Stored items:
'''

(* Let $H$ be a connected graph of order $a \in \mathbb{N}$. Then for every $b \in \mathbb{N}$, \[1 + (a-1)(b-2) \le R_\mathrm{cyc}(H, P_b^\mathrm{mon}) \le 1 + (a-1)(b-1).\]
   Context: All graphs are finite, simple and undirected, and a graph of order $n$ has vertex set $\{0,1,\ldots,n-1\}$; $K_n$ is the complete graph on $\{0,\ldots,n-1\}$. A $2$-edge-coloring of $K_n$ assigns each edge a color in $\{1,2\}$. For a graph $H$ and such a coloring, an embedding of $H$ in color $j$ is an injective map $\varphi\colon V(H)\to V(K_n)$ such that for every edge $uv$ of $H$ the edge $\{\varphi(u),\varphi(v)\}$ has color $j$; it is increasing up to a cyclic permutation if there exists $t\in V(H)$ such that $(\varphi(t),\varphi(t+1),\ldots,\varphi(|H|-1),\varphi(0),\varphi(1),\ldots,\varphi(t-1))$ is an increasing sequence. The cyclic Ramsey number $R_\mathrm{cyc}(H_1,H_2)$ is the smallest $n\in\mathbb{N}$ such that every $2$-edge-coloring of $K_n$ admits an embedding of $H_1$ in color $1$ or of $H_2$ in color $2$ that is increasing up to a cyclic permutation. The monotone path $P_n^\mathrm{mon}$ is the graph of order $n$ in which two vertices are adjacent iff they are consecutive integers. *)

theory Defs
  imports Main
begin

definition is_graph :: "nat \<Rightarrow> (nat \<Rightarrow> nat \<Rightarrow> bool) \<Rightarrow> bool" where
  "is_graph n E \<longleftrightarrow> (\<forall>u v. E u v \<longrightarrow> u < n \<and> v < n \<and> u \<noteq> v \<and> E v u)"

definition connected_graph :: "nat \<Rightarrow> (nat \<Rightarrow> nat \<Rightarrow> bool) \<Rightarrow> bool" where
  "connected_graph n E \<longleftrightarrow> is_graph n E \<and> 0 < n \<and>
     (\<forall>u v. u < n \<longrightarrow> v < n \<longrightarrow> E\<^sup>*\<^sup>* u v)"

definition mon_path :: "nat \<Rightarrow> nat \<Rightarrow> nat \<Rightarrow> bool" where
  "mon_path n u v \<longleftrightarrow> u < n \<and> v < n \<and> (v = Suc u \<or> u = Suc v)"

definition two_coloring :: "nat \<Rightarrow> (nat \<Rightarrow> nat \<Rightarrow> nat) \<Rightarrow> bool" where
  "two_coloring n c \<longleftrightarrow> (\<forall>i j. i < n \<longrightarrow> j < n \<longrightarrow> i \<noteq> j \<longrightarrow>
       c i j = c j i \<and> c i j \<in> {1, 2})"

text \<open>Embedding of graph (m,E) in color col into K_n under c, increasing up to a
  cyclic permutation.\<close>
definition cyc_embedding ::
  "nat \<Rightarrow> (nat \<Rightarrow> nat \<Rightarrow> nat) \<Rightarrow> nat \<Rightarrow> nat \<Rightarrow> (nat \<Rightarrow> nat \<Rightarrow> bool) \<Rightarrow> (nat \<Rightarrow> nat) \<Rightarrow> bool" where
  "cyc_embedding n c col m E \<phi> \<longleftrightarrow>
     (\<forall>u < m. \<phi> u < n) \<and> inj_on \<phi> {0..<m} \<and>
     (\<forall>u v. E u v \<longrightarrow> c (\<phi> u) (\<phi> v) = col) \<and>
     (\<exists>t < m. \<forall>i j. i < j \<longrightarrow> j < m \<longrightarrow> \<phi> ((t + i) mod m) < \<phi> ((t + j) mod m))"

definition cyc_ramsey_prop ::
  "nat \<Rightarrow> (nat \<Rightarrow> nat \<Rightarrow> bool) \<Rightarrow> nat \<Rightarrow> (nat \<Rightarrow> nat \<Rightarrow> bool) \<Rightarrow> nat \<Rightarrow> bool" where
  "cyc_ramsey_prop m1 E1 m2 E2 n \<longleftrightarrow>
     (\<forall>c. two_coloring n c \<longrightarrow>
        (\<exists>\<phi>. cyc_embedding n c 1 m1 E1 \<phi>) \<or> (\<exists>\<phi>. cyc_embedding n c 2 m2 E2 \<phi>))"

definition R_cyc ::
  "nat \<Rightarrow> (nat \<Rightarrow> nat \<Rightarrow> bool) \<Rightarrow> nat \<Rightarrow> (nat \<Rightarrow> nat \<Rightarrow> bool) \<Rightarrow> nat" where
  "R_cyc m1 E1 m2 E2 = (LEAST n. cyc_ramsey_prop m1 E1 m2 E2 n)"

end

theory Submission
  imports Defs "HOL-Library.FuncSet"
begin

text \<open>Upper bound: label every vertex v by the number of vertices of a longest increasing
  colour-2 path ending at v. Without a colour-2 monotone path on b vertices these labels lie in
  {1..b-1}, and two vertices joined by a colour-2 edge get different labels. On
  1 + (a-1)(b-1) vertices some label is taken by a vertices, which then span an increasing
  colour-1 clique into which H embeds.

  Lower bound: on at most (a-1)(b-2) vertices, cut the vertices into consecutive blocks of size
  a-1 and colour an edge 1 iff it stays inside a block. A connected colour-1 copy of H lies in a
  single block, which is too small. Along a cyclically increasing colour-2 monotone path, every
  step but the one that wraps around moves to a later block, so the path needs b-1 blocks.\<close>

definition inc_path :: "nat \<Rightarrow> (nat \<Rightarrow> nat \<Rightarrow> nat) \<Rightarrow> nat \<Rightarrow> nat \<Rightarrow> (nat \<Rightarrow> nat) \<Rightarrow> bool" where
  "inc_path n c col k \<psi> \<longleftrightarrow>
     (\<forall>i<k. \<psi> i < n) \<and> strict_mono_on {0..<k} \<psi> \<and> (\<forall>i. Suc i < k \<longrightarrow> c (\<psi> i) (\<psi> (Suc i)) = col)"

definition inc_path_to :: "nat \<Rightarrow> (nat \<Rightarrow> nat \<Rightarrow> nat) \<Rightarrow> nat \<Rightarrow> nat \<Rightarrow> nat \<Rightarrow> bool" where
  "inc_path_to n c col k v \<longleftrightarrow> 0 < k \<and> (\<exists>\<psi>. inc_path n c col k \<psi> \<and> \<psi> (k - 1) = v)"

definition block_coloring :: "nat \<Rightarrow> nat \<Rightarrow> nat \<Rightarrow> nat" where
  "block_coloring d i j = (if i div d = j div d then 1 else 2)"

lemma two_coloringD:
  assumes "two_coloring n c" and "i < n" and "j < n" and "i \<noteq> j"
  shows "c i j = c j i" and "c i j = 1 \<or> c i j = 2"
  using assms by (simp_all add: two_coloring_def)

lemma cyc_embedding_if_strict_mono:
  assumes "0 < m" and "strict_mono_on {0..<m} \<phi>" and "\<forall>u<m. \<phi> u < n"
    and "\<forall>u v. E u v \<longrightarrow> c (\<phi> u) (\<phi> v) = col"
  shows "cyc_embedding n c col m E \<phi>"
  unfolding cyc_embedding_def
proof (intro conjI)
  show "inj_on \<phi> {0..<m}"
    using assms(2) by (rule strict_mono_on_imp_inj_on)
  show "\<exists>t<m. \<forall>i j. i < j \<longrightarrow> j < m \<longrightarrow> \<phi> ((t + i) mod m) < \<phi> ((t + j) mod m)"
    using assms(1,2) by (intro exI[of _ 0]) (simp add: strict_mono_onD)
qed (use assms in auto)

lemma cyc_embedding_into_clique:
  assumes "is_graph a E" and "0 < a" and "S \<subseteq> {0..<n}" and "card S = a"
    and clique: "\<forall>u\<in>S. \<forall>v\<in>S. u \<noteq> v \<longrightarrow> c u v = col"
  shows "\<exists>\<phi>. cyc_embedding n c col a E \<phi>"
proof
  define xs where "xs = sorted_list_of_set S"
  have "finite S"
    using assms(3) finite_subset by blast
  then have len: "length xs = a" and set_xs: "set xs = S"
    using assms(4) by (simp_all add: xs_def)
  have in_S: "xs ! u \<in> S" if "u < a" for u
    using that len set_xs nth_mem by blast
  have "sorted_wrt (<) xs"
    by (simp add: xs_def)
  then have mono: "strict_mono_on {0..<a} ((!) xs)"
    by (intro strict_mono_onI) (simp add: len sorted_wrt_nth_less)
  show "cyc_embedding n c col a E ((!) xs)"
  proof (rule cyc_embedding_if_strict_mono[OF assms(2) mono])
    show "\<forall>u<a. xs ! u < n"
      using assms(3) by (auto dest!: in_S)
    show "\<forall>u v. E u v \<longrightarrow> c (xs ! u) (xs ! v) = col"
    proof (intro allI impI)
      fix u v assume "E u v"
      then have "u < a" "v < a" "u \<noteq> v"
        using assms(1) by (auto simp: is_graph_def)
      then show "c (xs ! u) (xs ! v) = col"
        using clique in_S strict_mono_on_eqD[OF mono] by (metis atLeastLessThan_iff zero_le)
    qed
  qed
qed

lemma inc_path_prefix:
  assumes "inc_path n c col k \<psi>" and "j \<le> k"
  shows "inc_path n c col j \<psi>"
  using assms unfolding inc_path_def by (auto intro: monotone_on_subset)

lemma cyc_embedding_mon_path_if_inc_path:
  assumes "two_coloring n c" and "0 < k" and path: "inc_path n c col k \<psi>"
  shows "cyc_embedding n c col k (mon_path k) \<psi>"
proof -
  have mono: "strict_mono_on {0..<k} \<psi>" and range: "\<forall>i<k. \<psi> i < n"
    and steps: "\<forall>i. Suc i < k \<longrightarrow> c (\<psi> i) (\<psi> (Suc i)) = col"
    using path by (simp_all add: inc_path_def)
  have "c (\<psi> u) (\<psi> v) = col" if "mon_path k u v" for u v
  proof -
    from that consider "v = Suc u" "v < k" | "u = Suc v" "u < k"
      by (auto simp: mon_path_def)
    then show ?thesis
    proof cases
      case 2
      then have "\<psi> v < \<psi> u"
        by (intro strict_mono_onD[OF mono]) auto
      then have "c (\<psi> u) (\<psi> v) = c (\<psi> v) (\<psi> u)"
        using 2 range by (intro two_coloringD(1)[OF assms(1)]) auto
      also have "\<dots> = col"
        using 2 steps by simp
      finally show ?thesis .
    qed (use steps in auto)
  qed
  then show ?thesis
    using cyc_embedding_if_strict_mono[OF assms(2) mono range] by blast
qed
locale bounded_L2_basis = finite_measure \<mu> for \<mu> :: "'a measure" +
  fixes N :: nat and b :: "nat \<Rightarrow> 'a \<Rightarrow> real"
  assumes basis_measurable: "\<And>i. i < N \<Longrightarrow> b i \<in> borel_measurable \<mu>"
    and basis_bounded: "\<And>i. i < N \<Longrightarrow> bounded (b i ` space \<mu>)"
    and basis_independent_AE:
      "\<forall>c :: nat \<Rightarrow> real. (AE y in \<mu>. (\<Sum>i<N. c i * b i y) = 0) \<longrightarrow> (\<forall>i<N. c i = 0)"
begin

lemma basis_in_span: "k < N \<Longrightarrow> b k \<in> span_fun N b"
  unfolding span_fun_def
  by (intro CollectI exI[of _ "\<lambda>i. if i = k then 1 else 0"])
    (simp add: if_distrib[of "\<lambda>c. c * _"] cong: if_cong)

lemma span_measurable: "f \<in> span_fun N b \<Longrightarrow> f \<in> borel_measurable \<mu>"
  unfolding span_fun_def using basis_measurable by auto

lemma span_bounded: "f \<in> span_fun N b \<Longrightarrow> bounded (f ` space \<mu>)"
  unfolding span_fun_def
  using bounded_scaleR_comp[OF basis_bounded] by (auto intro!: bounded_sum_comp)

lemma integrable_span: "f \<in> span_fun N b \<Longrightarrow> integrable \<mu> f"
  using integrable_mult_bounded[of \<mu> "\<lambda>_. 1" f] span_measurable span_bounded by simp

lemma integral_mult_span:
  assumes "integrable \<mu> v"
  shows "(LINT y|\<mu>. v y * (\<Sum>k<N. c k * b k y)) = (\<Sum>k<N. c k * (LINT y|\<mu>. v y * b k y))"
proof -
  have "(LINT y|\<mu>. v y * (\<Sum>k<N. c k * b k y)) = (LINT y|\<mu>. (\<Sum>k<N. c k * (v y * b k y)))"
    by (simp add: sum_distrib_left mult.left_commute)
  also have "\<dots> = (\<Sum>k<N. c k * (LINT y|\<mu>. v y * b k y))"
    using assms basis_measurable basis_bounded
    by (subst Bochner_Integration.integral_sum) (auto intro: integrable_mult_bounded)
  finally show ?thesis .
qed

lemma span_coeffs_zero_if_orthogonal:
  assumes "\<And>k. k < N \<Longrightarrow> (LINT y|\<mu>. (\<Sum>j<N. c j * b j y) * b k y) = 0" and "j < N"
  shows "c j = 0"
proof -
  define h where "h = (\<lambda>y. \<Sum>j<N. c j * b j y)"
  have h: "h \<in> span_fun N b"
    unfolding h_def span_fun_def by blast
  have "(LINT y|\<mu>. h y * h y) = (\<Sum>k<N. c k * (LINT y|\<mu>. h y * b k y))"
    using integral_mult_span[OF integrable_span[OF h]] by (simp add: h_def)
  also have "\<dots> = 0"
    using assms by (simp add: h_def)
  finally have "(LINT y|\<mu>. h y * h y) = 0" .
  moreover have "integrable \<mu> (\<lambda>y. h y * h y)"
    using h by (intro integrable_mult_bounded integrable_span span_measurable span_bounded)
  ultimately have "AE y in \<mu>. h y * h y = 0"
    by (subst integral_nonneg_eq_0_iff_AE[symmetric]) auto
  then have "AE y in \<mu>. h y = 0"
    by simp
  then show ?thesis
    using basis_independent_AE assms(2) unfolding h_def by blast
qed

'''

# REQUIRED WORK
From the records above, copy out the line with "using integrable_mult_bounded[of \<mu>", the line with "using integral_mult_span[OF integrable_span[OF", and every line between them, word for word.

# REPLY
  using integrable_mult_bounded[of \<mu> "\<lambda>_. 1" f] span_measurable span_bounded by simp

lemma integral_mult_span:
  assumes "integrable \<mu> v"
  shows "(LINT y|\<mu>. v y * (\<Sum>k<N. c k * b k y)) = (\<Sum>k<N. c k * (LINT y|\<mu>. v y * b k y))"
proof -
  have "(LINT y|\<mu>. v y * (\<Sum>k<N. c k * b k y)) = (LINT y|\<mu>. (\<Sum>k<N. c k * (v y * b k y)))"
    by (simp add: sum_distrib_left mult.left_commute)
  also have "\<dots> = (\<Sum>k<N. c k * (LINT y|\<mu>. v y * b k y))"
    using assms basis_measurable basis_bounded
    by (subst Bochner_Integration.integral_sum) (auto intro: integrable_mult_bounded)
  finally show ?thesis .
qed

lemma span_coeffs_zero_if_orthogonal:
  assumes "\<And>k. k < N \<Longrightarrow> (LINT y|\<mu>. (\<Sum>j<N. c j * b j y) * b k y) = 0" and "j < N"
  shows "c j = 0"
proof -
  define h where "h = (\<lambda>y. \<Sum>j<N. c j * b j y)"
  have h: "h \<in> span_fun N b"
    unfolding h_def span_fun_def by blast
  have "(LINT y|\<mu>. h y * h y) = (\<Sum>k<N. c k * (LINT y|\<mu>. h y * b k y))"
    using integral_mult_span[OF integrable_span[OF h]] by (simp add: h_def)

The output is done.